Who cares what it means? Critics also actually asked Tassler about the future of The Price Is Right (really!), and Million Dollar Password (honest!), and the inevitable annual question about prime-time diversity, which only ever gets a platitude answer, and about Britney Spears on How I Met Your Mother, which at least elicited that Sarah Chalke is coming back as Ted's is-she/isn't-she-the-mother girlfriend.
And at least critics had the day-ending Showtime sessions to look forward to. Program chief Greenblatt also announced a September production start for the series The United States of Tara, a funky multiple-personality character study of a different-daily mom played by Toni Collette, with John Corbett as her flexible husband, from Oscar-winning Juno writer Diablo Cody.
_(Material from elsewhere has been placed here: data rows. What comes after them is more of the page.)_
lemma filter_point_in_hat_pts:
  assumes vb: "viable_base X \<Omega>" and P: "prime_filter_on \<Omega> P"
  shows "filter_point \<Omega> P \<in> hat_pts \<Omega>"
  unfolding hat_pts_def mem_Collect_eq
proof (rule compl_prime_filterI)
  note pf = prime_filter_onD[OF P]
  show "filter_point \<Omega> P \<subseteq> Idl \<Omega>" unfolding filter_point_def by blast
  show "filter_point \<Omega> P \<noteq> {}"
    unfolding filter_point_def using Omega_in_Idl[OF vb] pf(1,3) by blast
  show "b \<in> filter_point \<Omega> P" if "a \<in> filter_point \<Omega> P" "b \<in> Idl \<Omega>" "a \<subseteq> b" for a b
    using that unfolding filter_point_def by blast
  show "m \<in> filter_point \<Omega> P"
    if ab: "a \<in> filter_point \<Omega> P" "b \<in> filter_point \<Omega> P" and m: "is_glb_in (Idl \<Omega>) {a, b} m" for a b m
  proof -
    obtain V1 V2 where V: "V1 \<in> a" "V1 \<in> P" "V2 \<in> b" "V2 \<in> P" and a: "a \<in> Idl \<Omega>" and b: "b \<in> Idl \<Omega>"
      using ab unfolding filter_point_def by blast
    have V12: "V1 \<inter> V2 \<in> \<Omega>" using V pf(1) viable_baseD(4)[OF vb] by blast
    have "a \<inter> b \<subseteq> m" using m Idl_Int[OF vb a b] unfolding is_glb_in_def by blast
    moreover have "V1 \<inter> V2 \<in> a \<inter> b" using IdlD(3)[OF a V(1) V12] IdlD(3)[OF b V(3) V12] by blast
    moreover have "m \<in> Idl \<Omega>" using m unfolding is_glb_in_def by blast
    ultimately show ?thesis unfolding filter_point_def using pf(5)[OF V(2,4)] by blast
  qed
  show "A \<inter> filter_point \<Omega> P \<noteq> {}"
    if A: "A \<subseteq> Idl \<Omega>" "is_lub_in (Idl \<Omega>) A s" "s \<in> filter_point \<Omega> P" for A s
  proof -
    obtain V where V: "V \<in> s" "V \<in> P" using A(3) unfolding filter_point_def by blast
    have "s \<le> ideal_gen \<Omega> A"
      using is_lub_inD(3)[OF A(2) ideal_gen_in_Idl[OF vb A(1)]] is_lub_inD(2)[OF is_lub_in_ideal_gen[OF vb A(1)]]
      by blast
    then have "V \<in> ideal_gen \<Omega> A" using V(1) by (rule subsetD)
    then obtain F where F: "finite F" "F \<subseteq> \<Union>A" "V \<subseteq> \<Union>F"
      unfolding ideal_gen_def by blast
    have FO: "F \<subseteq> \<Omega>" using F(2) A(1) IdlD(1) by blast
    then have "\<Union>F \<in> P" using pf(4)[OF V(2) viable_base_Union[OF vb F(1)] F(3)] by blast
    then obtain U where "U \<in> F" "U \<in> P" using prime_filter_on_Union[OF P vb F(1) FO] by blast
    then obtain a where "a \<in> A" "U \<in> a" "U \<in> P" using F(2) by blast
    then have "a \<in> A \<inter> filter_point \<Omega> P" using A(1) unfolding filter_point_def by blast
    then show ?thesis by blast
  qed
qed

lemma filter_point_in_hatO_vb_down_iff:
  assumes "viable_base X \<Omega>" "prime_filter_on \<Omega> P" "U \<in> \<Omega>"
  shows "filter_point \<Omega> P \<in> hatO \<Omega> (vb_down \<Omega> U) \<longleftrightarrow> U \<in> P"
proof
  assume "filter_point \<Omega> P \<in> hatO \<Omega> (vb_down \<Omega> U)"
  then obtain V where "V \<in> P" "V \<subseteq> U"
    unfolding hatO_def filter_point_def vb_down_def by blast
  then show "U \<in> P" using prime_filter_onD(4)[OF assms(2)] assms(3) by blast
next
  assume "U \<in> P"
  then have "vb_down \<Omega> U \<inter> P \<noteq> {}" using assms(3) unfolding vb_down_def by blast
  then show "filter_point \<Omega> P \<in> hatO \<Omega> (vb_down \<Omega> U)"
    using filter_point_in_hat_pts[OF assms(1,2)] vb_down_in_Idl[OF assms(1,3)]
    unfolding hatO_def filter_point_def by blast
qed

lemma prime_filter_on_nhds:
  assumes "viable_base X \<Omega>" "x \<in> W" "W \<in> \<Omega>"
  shows "prime_filter_on \<Omega> {V \<in> \<Omega>. x \<in> V}"
  by (rule prime_filter_onI) (use assms viable_baseD[OF assms(1)] in auto)

text \<open>Neighbourhood filters of points of \<open>X\<close> separate the opens \<open>O_{\<down>W}\<close>.\<close>
lemma hatO_vb_down_subsetD:
  assumes "viable_base X \<Omega>" "W \<in> \<Omega>" "U \<in> \<Omega>"
    and "hatO \<Omega> (vb_down \<Omega> W) \<subseteq> hatO \<Omega> (vb_down \<Omega> U)"
  shows "W \<subseteq> U"
proof
  fix x assume x: "x \<in> W"
  note P = prime_filter_on_nhds[OF assms(1) x assms(2)]
  have "filter_point \<Omega> {V \<in> \<Omega>. x \<in> V} \<in> hatO \<Omega> (vb_down \<Omega> W)"
    using filter_point_in_hatO_vb_down_iff[OF assms(1) P assms(2)] x assms(2) by blast
  then show "x \<in> U"
    using assms(4) filter_point_in_hatO_vb_down_iff[OF assms(1) P assms(3)] by blast
qed


definition avoiding_filter :: "'a set set \<Rightarrow> 'a set set \<Rightarrow> 'a set \<Rightarrow> 'a set set \<Rightarrow> bool" where
  "avoiding_filter \<Omega> K W F \<longleftrightarrow> F \<subseteq> \<Omega> \<and> W \<in> F \<and> F \<inter> K = {} \<and>
     (\<forall>U\<in>F. \<forall>V\<in>\<Omega>. U \<subseteq> V \<longrightarrow> V \<in> F) \<and> (\<forall>U\<in>F. \<forall>V\<in>F. U \<inter> V \<in> F)"

lemma avoiding_filterI:
  assumes "F \<subseteq> \<Omega>" "W \<in> F" "F \<inter> K = {}" "\<And>U V. U \<in> F \<Longrightarrow> V \<in> \<Omega> \<Longrightarrow> U \<subseteq> V \<Longrightarrow> V \<in> F"
    "\<And>U V. U \<in> F \<Longrightarrow> V \<in> F \<Longrightarrow> U \<inter> V \<in> F"
  shows "avoiding_filter \<Omega> K W F"
  unfolding avoiding_filter_def using assms by blast

lemma avoiding_filterD:
  assumes "avoiding_filter \<Omega> K W F"
  shows "F \<subseteq> \<Omega>" "W \<in> F" "F \<inter> K = {}" "\<And>U V. U \<in> F \<Longrightarrow> V \<in> \<Omega> \<Longrightarrow> U \<subseteq> V \<Longrightarrow> V \<in> F"
    "\<And>U V. U \<in> F \<Longrightarrow> V \<in> F \<Longrightarrow> U \<inter> V \<in> F"
  using assms unfolding avoiding_filter_def by auto

lemma avoiding_filter_chain_Union:
  assumes "C \<noteq> {}" "subset.chain {F. avoiding_filter \<Omega> K W F} C"
  shows "avoiding_filter \<Omega> K W (\<Union>C)"
proof -
  have F: "avoiding_filter \<Omega> K W F" if "F \<in> C" for F
    using assms(2) that unfolding subset_chain_def by blast
  have comparable: "F \<subseteq> G \<or> G \<subseteq> F" if "F \<in> C" "G \<in> C" for F G
    using assms(2) that unfolding subset_chain_def by blast
  show ?thesis
  proof (rule avoiding_filterI)
    show "\<Union>C \<subseteq> \<Omega>" "\<Union>C \<inter> K = {}" using avoiding_filterD(1,3)[OF F] by blast+
    show "W \<in> \<Union>C" using avoiding_filterD(2)[OF F] assms(1) by blast
    show "V \<in> \<Union>C" if "U \<in> \<Union>C" "V \<in> \<Omega>" "U \<subseteq> V" for U V
      using that avoiding_filterD(4)[OF F] by blast
    show "U \<inter> V \<in> \<Union>C" if UV: "U \<in> \<Union>C" "V \<in> \<Union>C" for U V
    proof -
      obtain F G where "F \<in> C" "G \<in> C" "U \<in> F" "V \<in> G" using UV by blast
      then show ?thesis using comparable avoiding_filterD(5)[OF F] by blast
    qed
  qed
qed

text \<open>If \<open>U \<notin> M\<close>, the filter generated by \<open>M\<close> and \<open>U\<close> is a strictly larger candidate; by
  maximality it must meet \<open>K\<close>.\<close>
lemma maximal_avoiding_filter_extend:
  assumes vb: "viable_base X \<Omega>" and K: "K \<in> Idl \<Omega>" and W: "W \<in> \<Omega>"
    and M: "avoiding_filter \<Omega> K W M"
    and max: "\<And>F. avoiding_filter \<Omega> K W F \<Longrightarrow> M \<subseteq> F \<Longrightarrow> F = M"
    and U: "U \<in> \<Omega>" "U \<notin> M"
  shows "\<exists>m\<in>M. m \<inter> U \<in> K"
proof (rule ccontr)
  assume avoid: "\<not> (\<exists>m\<in>M. m \<inter> U \<in> K)"
  note mD = avoiding_filterD[OF M]
  define MU where "MU = {Z \<in> \<Omega>. \<exists>m\<in>M. m \<inter> U \<subseteq> Z}"
  have "avoiding_filter \<Omega> K W MU"
  proof (rule avoiding_filterI)
    show "MU \<subseteq> \<Omega>" "W \<in> MU" unfolding MU_def using W mD(2) by blast+
    show "MU \<inter> K = {}"
    proof (rule ccontr)
      assume "MU \<inter> K \<noteq> {}"
      then obtain Z m where Z: "Z \<in> K" "m \<in> M" "m \<inter> U \<subseteq> Z" unfolding MU_def by blast
      have "m \<inter> U \<in> \<Omega>" using mD(1) Z(2) viable_baseD(4)[OF vb _ U(1)] by blast
      then show False using IdlD(3)[OF K Z(1) _ Z(3)] avoid Z(2) by blast
    qed
    show "V \<in> MU" if "A \<in> MU" "V \<in> \<Omega>" "A \<subseteq> V" for A V
      using that unfolding MU_def by blast
    show "A \<inter> B \<in> MU" if AB: "A \<in> MU" "B \<in> MU" for A B
    proof -
      obtain m1 m2 where "m1 \<in> M" "m1 \<inter> U \<subseteq> A" "m2 \<in> M" "m2 \<inter> U \<subseteq> B" "A \<in> \<Omega>" "B \<in> \<Omega>"
        using AB unfolding MU_def by blast
      then show ?thesis
        unfolding MU_def using mD(5) viable_baseD(4)[OF vb] by (intro CollectI conjI bexI[of _ "m1 \<inter> m2"]) auto
    qed
  qed
  moreover have "M \<subseteq> MU" unfolding MU_def using mD(1) by blast
  moreover have "U \<in> MU" unfolding MU_def using U(1) mD(2) by blast
  ultimately show False using max U(2) by blast
qed

lemma maximal_avoiding_filter_prime:
  assumes vb: "viable_base X \<Omega>" and K: "K \<in> Idl \<Omega>" and W: "W \<in> \<Omega>"
    and M: "avoiding_filter \<Omega> K W M"
    and max: "\<And>F. avoiding_filter \<Omega> K W F \<Longrightarrow> M \<subseteq> F \<Longrightarrow> F = M"
  shows "prime_filter_on \<Omega> M"
proof (rule prime_filter_onI)
  note mD = avoiding_filterD[OF M]
  show "M \<subseteq> \<Omega>" "M \<noteq> {}" using mD(1,2) by blast+
  show "{} \<notin> M" using mD(3) empty_in_Idl[OF K viable_baseD(1)[OF vb]] by blast
  show "V \<in> M" if "U \<in> M" "V \<in> \<Omega>" "U \<subseteq> V" for U V using mD(4) that .
  show "U \<inter> V \<in> M" if "U \<in> M" "V \<in> M" for U V using mD(5) that .
  show "U \<in> M \<or> V \<in> M" if UV: "U \<in> \<Omega>" "V \<in> \<Omega>" "U \<union> V \<in> M" for U V
  proof (rule ccontr)
    assume "\<not> (U \<in> M \<or> V \<in> M)"
    then obtain m1 m2 where m: "m1 \<in> M" "m1 \<inter> U \<in> K" "m2 \<in> M" "m2 \<inter> V \<in> K"
      using maximal_avoiding_filter_extend[OF vb K W M max] UV(1,2) by metis
    have mm: "m1 \<inter> m2 \<inter> (U \<union> V) \<in> M" using mD(5)[OF mD(5)[OF m(1,3)] UV(3)] .
    have "(m1 \<inter> U) \<union> (m2 \<inter> V) \<in> K" using Un_in_Idl[OF vb K m(2,4)] .
    moreover have "m1 \<inter> m2 \<inter> (U \<union> V) \<subseteq> (m1 \<inter> U) \<union> (m2 \<inter> V)" by blast
    ultimately have "m1 \<inter> m2 \<inter> (U \<union> V) \<in> K" using IdlD(3)[OF K] mm mD(1) by blast
    then show False using mm mD(3) by blast
  qed
qed

lemma prime_filter_separation:
  assumes vb: "viable_base X \<Omega>" and W: "W \<in> \<Omega>" and K: "K \<in> Idl \<Omega>" and "W \<notin> K"
  obtains P where "prime_filter_on \<Omega> P" "W \<in> P" "P \<inter> K = {}"
proof -
  have "avoiding_filter \<Omega> K W {V \<in> \<Omega>. W \<subseteq> V}"
  proof (rule avoiding_filterI)
    show "{V \<in> \<Omega>. W \<subseteq> V} \<inter> K = {}" using IdlD(3)[OF K _ W] \<open>W \<notin> K\<close> by blast
  qed (use W viable_baseD(4)[OF vb] in auto)
  then obtain M where M: "avoiding_filter \<Omega> K W M"
    and max: "\<And>F. avoiding_filter \<Omega> K W F \<Longrightarrow> M \<subseteq> F \<Longrightarrow> F = M"
    using subset_Zorn_nonempty[of "{F. avoiding_filter \<Omega> K W F}"] avoiding_filter_chain_Union
    by (metis (no_types, lifting) empty_iff mem_Collect_eq)
  show ?thesis
    using that maximal_avoiding_filter_prime[OF vb K W M max] avoiding_filterD(2,3)[OF M] by blast
qed


section \<open>The way-below relation\<close>

lemma vb_lub_eqI: "is_lub_in UNIV A s \<Longrightarrow> vb_lub A = s"
  unfolding vb_lub_def by (rule the_equality) (auto intro: is_lub_in_unique)

lemma is_lub_in_empty: "is_lub_in UNIV {} (bot::'d::order_bot)"
  unfolding is_lub_in_def by simp

lemma vb_directedD:
  assumes "vb_directed S"
  shows "S \<noteq> {}" "\<And>x y. x \<in> S \<Longrightarrow> y \<in> S \<Longrightarrow> \<exists>z\<in>S. x \<le> z \<and> y \<le> z"
  using assms unfolding vb_directed_def by auto

lemma directed_finite_upper_bound:
  assumes "vb_directed (S::'d::order set)" "finite F" "F \<subseteq> S"
  shows "\<exists>d\<in>S. \<forall>e\<in>F. e \<le> d"
  using assms(2,3)
proof (induction F rule: finite_induct)
  case empty then show ?case using assms(1) unfolding vb_directed_def by blast
next
  case (insert x F)
  then obtain d where d: "d \<in> S" "\<forall>e\<in>F. e \<le> d" by blast
  obtain z where "z \<in> S" "x \<le> z" "d \<le> z"
    using assms(1) d(1) insert(4) unfolding vb_directed_def by blast
  then show ?case using d(2) by (auto intro: order.trans)
qed

lemma way_below_inD:
  assumes "way_below_in P x y" "S \<subseteq> P" "vb_directed S" "is_lub_in P S s" "y \<le> s"
  shows "\<exists>d\<in>S. x \<le> d"
  using assms unfolding way_below_in_def by blast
The cabler has ordered two more seasons of Weeds, and is considering a spinoff of The L Word that next year's series finale would lead into. Two more royal wives go down (in more ways than one) on The Tudors next year (with a fourth season but not much more possible beyond that). Jimmy Smits becomes Michael C. Hall's good friend on Dexter when the third season starts Sept. 28, playing a district attorney who makes a surprising human connection with the killer-of-killers.
Any element of which might get us gathered 'round the water cooler. It's hard to say the same about a hotshot reformed crime-solver who's haunted by a horrific... zzzzz.